## Task objective:
All lines in the data below carrying the string "thesis" are to be located and copied.

## Records provided:
text \<open>
  If v_k = e, the two faces merging v_k with a neighbour coincide and cancel (for k first or last,
  the merging face cancels against the outer face), while every other face still contains e.
\<close>

lemma drop_degenerate_key_diff_unit:
  assumes len: "2 \<le> length vs" and one: "1 \<in> set vs"
  shows "drop_degenerate (key_diff (U, vs)) = 0"
proof -
  define m where "m = length vs"
  obtain k where k: "k < m" "vs ! k = 1" using one by (auto simp: in_set_conv_nth m_def)
  define f where "f i = frag_cmul ((-1) ^ i) (drop_degenerate (face_merge i (U, vs)))" for i
  have split: "drop_degenerate (key_diff (U, vs)) = drop_degenerate (face_first (U, vs))
      + (\<Sum>i\<in>{1..<m}. f i) + frag_cmul ((-1) ^ m) (drop_degenerate (face_last (U, vs)))"
    by (simp add: drop_degenerate_key_diff f_def m_def)
  have other_faces: "f i = 0" if "i \<in> {1..<m}" "i \<noteq> k" "i \<noteq> Suc k" for i
    using that one_in_merge_at[OF k(2) _ _ _ that(2,3)] k(1) by (simp add: f_def face_merge_def drop_degenerate_of m_def)
  have first_face: "drop_degenerate (face_first (U, vs)) = 0" if "0 < k"
    using nth_mem_tl[OF that, of vs] k by (simp add: face_first_def drop_degenerate_of m_def)
  have last_face: "drop_degenerate (face_last (U, vs)) = 0" if "k < m - 1"
    using nth_mem_butlast[OF that[unfolded m_def]] k by (simp add: face_last_def drop_degenerate_of)
  consider (first) "k = 0" | (last) "0 < k" "k = m - 1" | (inner) "0 < k" "k < m - 1"
    using k by linarith
  then show ?thesis
  proof cases
    case first
    have "(\<Sum>i\<in>{1..<m}. f i) = (\<Sum>i\<in>{1}. f i)"
      using len first by (intro sum.mono_neutral_right) (auto intro!: other_faces simp: m_def)
    moreover have "f 1 = - drop_degenerate (face_first (U, vs))"
      using merge_at_first_unit[OF len] k first len
      by (cases vs) (auto simp: f_def face_merge_def face_first_def)
    ultimately show ?thesis using split last_face first len by (simp add: m_def)
  next
    case last
    have "(\<Sum>i\<in>{1..<m}. f i) = (\<Sum>i\<in>{m - 1}. f i)"
      using len last by (intro sum.mono_neutral_right) (auto intro!: other_faces simp: m_def)
    moreover have "f (m - 1) + frag_cmul ((-1) ^ m) (drop_degenerate (face_last (U, vs))) = 0"
    proof -
      have ne: "vs \<noteq> []" and mm: "m = Suc (m - 1)" using len by (auto simp: m_def)
      have "last vs = 1" using k last by (simp add: last_conv_nth[OF ne] m_def)
      moreover have "merge_at (m - 1) vs = butlast vs" using merge_at_last[OF len] k last by (simp add: m_def)
      ultimately show ?thesis
        by (subst mm, simp add: f_def face_merge_def face_last_def frag_cmul_add_uminus)
    qed
    ultimately show ?thesis using split first_face last by simp
  next
    case inner
    have "(\<Sum>i\<in>{1..<m}. f i) = (\<Sum>i\<in>{k, Suc k}. f i)"
      using len inner by (intro sum.mono_neutral_right) (auto intro!: other_faces)
    moreover have "merge_at k vs = merge_at (Suc k) vs" using merge_at_unit[of k vs] inner k by (simp add: m_def)
    then have "f k + f (Suc k) = 0" by (simp add: f_def face_merge_def frag_cmul_add_uminus)
    ultimately show ?thesis using split first_face last_face inner by simp
  qed
qed
lemma mat_mul_mono:
  assumes "\<forall>l<n. 0 \<le> A i l \<and> A i l \<le> A' i l" "\<forall>l<n. 0 \<le> B l j \<and> B l j \<le> B' l j"
  shows "mat_mul n A B i j \<le> mat_mul n A' B' i j"
  unfolding mat_mul_def using assms by (intro sum_mono mult_mono) auto

lemma mat_pow_nonneg:
  assumes "\<forall>i<n. \<forall>j<n. 0 \<le> A i j"
  shows "j < n \<Longrightarrow> 0 \<le> mat_pow n A k i j"
proof (induction k arbitrary: i j)
  case (Suc k)
  then show ?case using assms by (auto simp: mat_mul_def intro!: sum_nonneg)
qed simp

lemma mat_pow_scale: "mat_pow n (\<lambda>i j. \<gamma> * A i j) k i j = \<gamma> ^ k * mat_pow n A k i j"
  by (induction k arbitrary: i j) (auto simp: mat_mul_def sum_distrib_left algebra_simps)

definition in_cap :: "nat \<Rightarrow> 'a::real_inner \<Rightarrow> real \<Rightarrow> (nat \<Rightarrow> 'a) \<Rightarrow> bool" where
  "in_cap n w lam x \<longleftrightarrow> (\<forall>i<n. norm (x i) = 1 \<and> lam \<le> w \<bullet> x i)"

lemma sum_delta_scaleR:
  fixes x :: "nat \<Rightarrow> 'a::real_vector"
  assumes "i < n"
  shows "(\<Sum>j<n. (if i = j then 1 else 0) *\<^sub>R x j) = x i"
proof -
  have "(\<Sum>j<n. (if i = j then 1 else 0) *\<^sub>R x j) = (\<Sum>j<n. if i = j then x j else 0)"
    by (rule sum.cong) auto
  then show ?thesis using assms by simp
qed

lemma party_sum_bounds:
  fixes x :: "nat \<Rightarrow> 'a::real_inner"
  assumes eta: "\<forall>j<n. 0 \<le> eta i j" and w: "norm w = 1" and "0 < lam" "in_cap n w lam x" "i < n"
  defines "y \<equiv> x i + (\<Sum>j<n. eta i j *\<^sub>R x j)"
  shows "0 < norm y" "lam * norm y \<le> w \<bullet> y" "norm y \<le> 1 + (\<Sum>j<n. eta i j)"
proof -
  define R where "R = (\<Sum>j<n. eta i j)"
  have x: "norm (x j) = 1" "lam \<le> w \<bullet> x j" if "j < n" for j
    using assms(4) that unfolding in_cap_def by auto
  have "lam * (1 + R) = lam + (\<Sum>j<n. eta i j * lam)"
    unfolding R_def by (simp add: algebra_simps sum_distrib_left)
  also have "\<dots> \<le> w \<bullet> x i + (\<Sum>j<n. eta i j * (w \<bullet> x j))"
    using eta x \<open>i < n\<close> by (intro add_mono sum_mono mult_left_mono) auto
  also have "\<dots> = w \<bullet> y" unfolding y_def by (simp add: inner_add_right inner_sum_right)
  finally have lower: "lam * (1 + R) \<le> w \<bullet> y" .
  have "norm y \<le> norm (x i) + (\<Sum>j<n. norm (eta i j *\<^sub>R x j))"
    unfolding y_def by (rule norm_triangle_le[OF add_left_mono[OF norm_sum]])
  also have "\<dots> = 1 + R"
    unfolding R_def using eta x \<open>i < n\<close> by (intro arg_cong2[where f = "(+)"] sum.cong) auto
  finally show upper: "norm y \<le> 1 + (\<Sum>j<n. eta i j)" unfolding R_def .
  have "w \<bullet> y \<le> norm y" using Cauchy_Schwarz_ineq2[of w y] w by simp
  have "0 \<le> R" unfolding R_def using eta by (auto intro: sum_nonneg)
  then have "0 < lam * (1 + R)" "lam * norm y \<le> lam * (1 + R)"
    using \<open>0 < lam\<close> upper unfolding R_def by simp_all
  then show "0 < norm y" "lam * norm y \<le> w \<bullet> y"
    using lower \<open>w \<bullet> y \<le> norm y\<close> by linarith+
qed
(* If $L$ is a d-reduced $\kappa$-frame, then for every $a\in L$ the congruence $\nabla_a$ is clear; equivalently, $L/\nabla_a$ is d-reduced.
   Context: $\kappa$ is a fixed regular cardinal; a $\kappa$-frame is a bounded distributive lattice having joins of all subsets of cardinality $<\kappa$ and satisfying the frame distributive law for such joins. A $\kappa$-ideal is a downset in which every subset of cardinality $<\kappa$ has an upper bound. A congruence is an equivalence relation that is a sub-$\kappa$-frame of $L\times L$. $\nabla_a=\{(x,y)\mid x\vee a=y\vee a\}$. For a $\kappa$-ideal $I$, $\partial_I=\{(a,b)\mid\forall x\in L:\ a\wedge x\in I\iff b\wedge x\in I\}$; a congruence is clear if it equals $\partial_I$ for some $\kappa$-ideal $I$. A $\kappa$-frame $M$ is d-reduced if $\mathfrak{D}_M=\{(a,b)\mid\forall x\in M:\ a\wedge x=0\iff b\wedge x=0\}$ is the diagonal. *)

theory Defs
  imports Main
begin

definition is_lub :: "('a \<Rightarrow> 'a \<Rightarrow> bool) \<Rightarrow> 'a set \<Rightarrow> 'a set \<Rightarrow> 'a \<Rightarrow> bool" where
  "is_lub le L S x \<longleftrightarrow> x \<in> L \<and> (\<forall>s\<in>S. le s x) \<and> (\<forall>y\<in>L. (\<forall>s\<in>S. le s y) \<longrightarrow> le x y)"

definition is_glb :: "('a \<Rightarrow> 'a \<Rightarrow> bool) \<Rightarrow> 'a set \<Rightarrow> 'a set \<Rightarrow> 'a \<Rightarrow> bool" where
  "is_glb le L S x \<longleftrightarrow> x \<in> L \<and> (\<forall>s\<in>S. le x s) \<and> (\<forall>y\<in>L. (\<forall>s\<in>S. le y s) \<longrightarrow> le y x)"

definition fJoin :: "('a \<Rightarrow> 'a \<Rightarrow> bool) \<Rightarrow> 'a set \<Rightarrow> 'a set \<Rightarrow> 'a" where
  "fJoin le L S = (THE x. is_lub le L S x)"

definition fjoin :: "('a \<Rightarrow> 'a \<Rightarrow> bool) \<Rightarrow> 'a set \<Rightarrow> 'a \<Rightarrow> 'a \<Rightarrow> 'a" where
  "fjoin le L x y = fJoin le L {x, y}"

definition fmeet :: "('a \<Rightarrow> 'a \<Rightarrow> bool) \<Rightarrow> 'a set \<Rightarrow> 'a \<Rightarrow> 'a \<Rightarrow> 'a" where
  "fmeet le L x y = (THE z. is_glb le L {x, y} z)"

definition fbot :: "('a \<Rightarrow> 'a \<Rightarrow> bool) \<Rightarrow> 'a set \<Rightarrow> 'a" where
  "fbot le L = fJoin le L {}"

definition ftop :: "('a \<Rightarrow> 'a \<Rightarrow> bool) \<Rightarrow> 'a set \<Rightarrow> 'a" where
  "ftop le L = (THE t. is_glb le L {} t)"

definition small :: "'k rel \<Rightarrow> 'b set \<Rightarrow> bool" where
  "small \<kappa> S \<longleftrightarrow> ordLess2 (card_of S) \<kappa>"

definition kframe :: "'k rel \<Rightarrow> 'a set \<Rightarrow> ('a \<Rightarrow> 'a \<Rightarrow> bool) \<Rightarrow> bool" where
  "kframe \<kappa> L le \<longleftrightarrow>
     (\<forall>x\<in>L. le x x) \<and>
     (\<forall>x\<in>L. \<forall>y\<in>L. le x y \<and> le y x \<longrightarrow> x = y) \<and>
     (\<forall>x\<in>L. \<forall>y\<in>L. \<forall>z\<in>L. le x y \<and> le y z \<longrightarrow> le x z) \<and>
     (\<exists>t. is_glb le L {} t) \<and>
     (\<forall>x\<in>L. \<forall>y\<in>L. \<exists>z. is_glb le L {x, y} z) \<and>
     (\<forall>S. S \<subseteq> L \<and> small \<kappa> S \<longrightarrow> (\<exists>x. is_lub le L S x)) \<and>
     (\<forall>x\<in>L. \<forall>y\<in>L. \<forall>z\<in>L.
        fmeet le L x (fjoin le L y z) = fjoin le L (fmeet le L x y) (fmeet le L x z)) \<and>
     (\<forall>a\<in>L. \<forall>S. S \<subseteq> L \<and> small \<kappa> S \<longrightarrow>
        fmeet le L a (fJoin le L S) = fJoin le L ((\<lambda>s. fmeet le L a s) ` S))"
lemma op_norm_nonneg:
  assumes T: "bounded_op \<alpha> T" and K: "compact_op \<alpha> K"
  shows "0 \<le> op_norm \<alpha> (\<lambda>f z. T f z + K f z)"
proof -
  define S where "S = {bloch_norm \<alpha> (\<lambda>z. T f z + K f z) | f. f \<in> bloch0 \<alpha> \<and> bloch_norm \<alpha> f \<le> 1}"
  obtain C where C: "\<And>f. f \<in> bloch0 \<alpha> \<Longrightarrow> bloch_norm \<alpha> (T f) \<le> C * bloch_norm \<alpha> f"
    using T unfolding bounded_op_def by blast
  obtain B where B: "\<And>f. f \<in> bloch0 \<alpha> \<Longrightarrow> bloch_norm \<alpha> f \<le> 1 \<Longrightarrow> bloch_norm \<alpha> (K f) \<le> B"
    using compact_op_bounded[OF K] by blast
  have images: "T f \<in> bloch_space \<alpha>" "K f \<in> bloch_space \<alpha>" if "f \<in> bloch0 \<alpha>" for f
    using T K that by (auto simp: bounded_op_def compact_op_def op_on_bloch0_def bloch0_def)
  have "bloch_norm \<alpha> (\<lambda>z. T f z + K f z) \<le> \<bar>C\<bar> + B"
    if f: "f \<in> bloch0 \<alpha>" "bloch_norm \<alpha> f \<le> 1" for f
  proof -
    have N: "0 \<le> bloch_norm \<alpha> f"
      using f(1) by (simp add: bloch0_def bloch_norm_nonneg)
    have "bloch_norm \<alpha> (T f) \<le> C * bloch_norm \<alpha> f"
      by (rule C[OF f(1)])
    also have "\<dots> \<le> \<bar>C\<bar> * bloch_norm \<alpha> f"
      using N by (intro mult_right_mono) auto
    also have "\<dots> \<le> \<bar>C\<bar> * 1"
      using f(2) by (intro mult_left_mono) auto
    finally have "bloch_norm \<alpha> (T f) \<le> \<bar>C\<bar>" by simp
    then show ?thesis
      using bloch_norm_add_le[OF images[OF f(1)]] B[OF f] by linarith
  qed
  (* Sup of an unbounded set of reals is unspecified, so boundedness is needed even here *)
  then have "bdd_above S"
    unfolding S_def by (intro bdd_aboveI[where M = "\<bar>C\<bar> + B"]) auto
  moreover have "bloch_norm \<alpha> (\<lambda>z. T (\<lambda>z. 0) z + K (\<lambda>z. 0) z) \<in> S"
    unfolding S_def using bloch0_zero[of \<alpha>] by auto
  ultimately have "bloch_norm \<alpha> (\<lambda>z. T (\<lambda>z. 0) z + K (\<lambda>z. 0) z) \<le> Sup S"
    by (rule cSup_upper[rotated])
  moreover have "0 \<le> bloch_norm \<alpha> (\<lambda>z. T (\<lambda>z. 0) z + K (\<lambda>z. 0) z)"
    using images[OF bloch0_zero(1)] by (intro bloch_norm_nonneg bloch_space_add)
  ultimately show ?thesis
    by (simp add: op_norm_def S_def)
qed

## Solution:
  then show ?thesis
    ultimately show ?thesis using split last_face first len by (simp add: m_def)
      ultimately show ?thesis
    ultimately show ?thesis using split first_face last by simp
    ultimately show ?thesis using split first_face last_face inner by simp
  then show ?thesis using assms by simp
    then show ?thesis
  ultimately show ?thesis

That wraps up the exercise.